(* Let $f:\mathbb{R}^D\to\mathbb{R}$ be differentiable, bounded below by $f_{\mathrm{inf}}>-\infty$, and $L$-smooth. Fix $\beta_1,\beta_2\in[0,1)$, $\epsilon>0$, a deterministic $\theta_0\in\mathbb{R}^D$, and constants $0<a_1\le a_2$. For $T\ge1$, run the ADOPT algorithm with constant learning rate $\alpha_t=\alpha$ where $a_1/\sqrt{T}\le\alpha\le a_2/\sqrt{T}$ (i.e. $\alpha=\Theta(1/\sqrt T)$): $v_0=g_0\odot g_0$, $m_1=g_1/\max\{\sqrt{v_0},\epsilon\}$, and for $t=1,\dots,T$: $$\theta_t=\theta_{t-1}-\alpha_t m_t,\quad v_t=\beta_2 v_{t-1}+(1-\beta_2)g_t\odot g_t,\quad m_{t+1}=\beta_1 m_t+(1-\beta_1)\frac{g_{t+1}}{\max\{\sqrt{v_t},\epsilon\}}.$$ Here $g_0$ is a random vector with $\mathbb{E}\|g_0\|^2\le G^2$, and for $t\ge1$, $g_t$ is a random stochastic gradient with $\mathbb{E}[g_t\mid g_0,\dots,g_{t-1}]=\nabla f(\theta_{t-1})$ and $\mathbb{E}\|g_t\|^2\le G^2$, for a constant $G>0$. Then $$\min_{t=1,\dots,T}\Big\{\mathbb{E}\big[\|\nabla f(\theta_{t-1})\|^{4/3}\big]^{3/2}\Big\}=\mathcal{O}(1/\sqrt{T}),$$ i.e. there is a constant $K$ independent of $T$ (possibly depending on $f(\theta_0)-f_{\mathrm{inf}},L,G,\epsilon,D,\beta_1,\beta_2,a_1,a_2$) such that the left-hand side is at most $K/\sqrt{T}$ for every $T\ge1$.
   Context: $L$-smooth means $\|\nabla f(x)-\nabla f(y)\|\le L\|x-y\|$ for all $x,y$, with $L>0$. Norms are Euclidean; $\odot$, square root, division and $\max\{\cdot,\epsilon\}$ act elementwise. *)

theory Defs
  imports "HOL-Analysis.Analysis" "HOL-Probability.Probability"
begin

text \<open>ADOPT iterates, computed pointwise from a sequence of gradient vectors g.
  adopt_state alpha b1 b2 eps theta0 g t = (theta_t, v_t, m_(t+1)).\<close>

fun adopt_state :: "real \<Rightarrow> real \<Rightarrow> real \<Rightarrow> real \<Rightarrow> real^'D \<Rightarrow> (nat \<Rightarrow> real^'D) \<Rightarrow> nat
     \<Rightarrow> (real^'D) \<times> (real^'D) \<times> (real^'D)" where
  "adopt_state \<alpha> \<beta>1 \<beta>2 \<epsilon> \<theta>0 g 0 =
     (let v0 = (\<chi> i. g 0 $ i * g 0 $ i)
      in (\<theta>0, v0, (\<chi> i. g 1 $ i / max (sqrt (v0 $ i)) \<epsilon>)))"
| "adopt_state \<alpha> \<beta>1 \<beta>2 \<epsilon> \<theta>0 g (Suc t) =
     (let (\<theta>, v, m) = adopt_state \<alpha> \<beta>1 \<beta>2 \<epsilon> \<theta>0 g t;
          \<theta>' = \<theta> - \<alpha> *\<^sub>R m;
          v' = (\<chi> i. \<beta>2 * v $ i + (1 - \<beta>2) * (g (Suc t) $ i * g (Suc t) $ i));
          m' = (\<chi> i. \<beta>1 * m $ i + (1 - \<beta>1) * (g (Suc (Suc t)) $ i / max (sqrt (v' $ i)) \<epsilon>))
      in (\<theta>', v', m'))"

definition adopt_theta :: "real \<Rightarrow> real \<Rightarrow> real \<Rightarrow> real \<Rightarrow> real^'D \<Rightarrow> (nat \<Rightarrow> real^'D) \<Rightarrow> nat \<Rightarrow> real^'D" where
  "adopt_theta \<alpha> \<beta>1 \<beta>2 \<epsilon> \<theta>0 g t = fst (adopt_state \<alpha> \<beta>1 \<beta>2 \<epsilon> \<theta>0 g t)"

—————

PROMPT -
Copy out each line from the preceding entries that mentions the word "Rightarrow".

EXPECTED ANSWER -
fun adopt_state :: "real \<Rightarrow> real \<Rightarrow> real \<Rightarrow> real \<Rightarrow> real^'D \<Rightarrow> (nat \<Rightarrow> real^'D) \<Rightarrow> nat
     \<Rightarrow> (real^'D) \<times> (real^'D) \<times> (real^'D)" where
definition adopt_theta :: "real \<Rightarrow> real \<Rightarrow> real \<Rightarrow> real \<Rightarrow> real^'D \<Rightarrow> (nat \<Rightarrow> real^'D) \<Rightarrow> nat \<Rightarrow> real^'D" where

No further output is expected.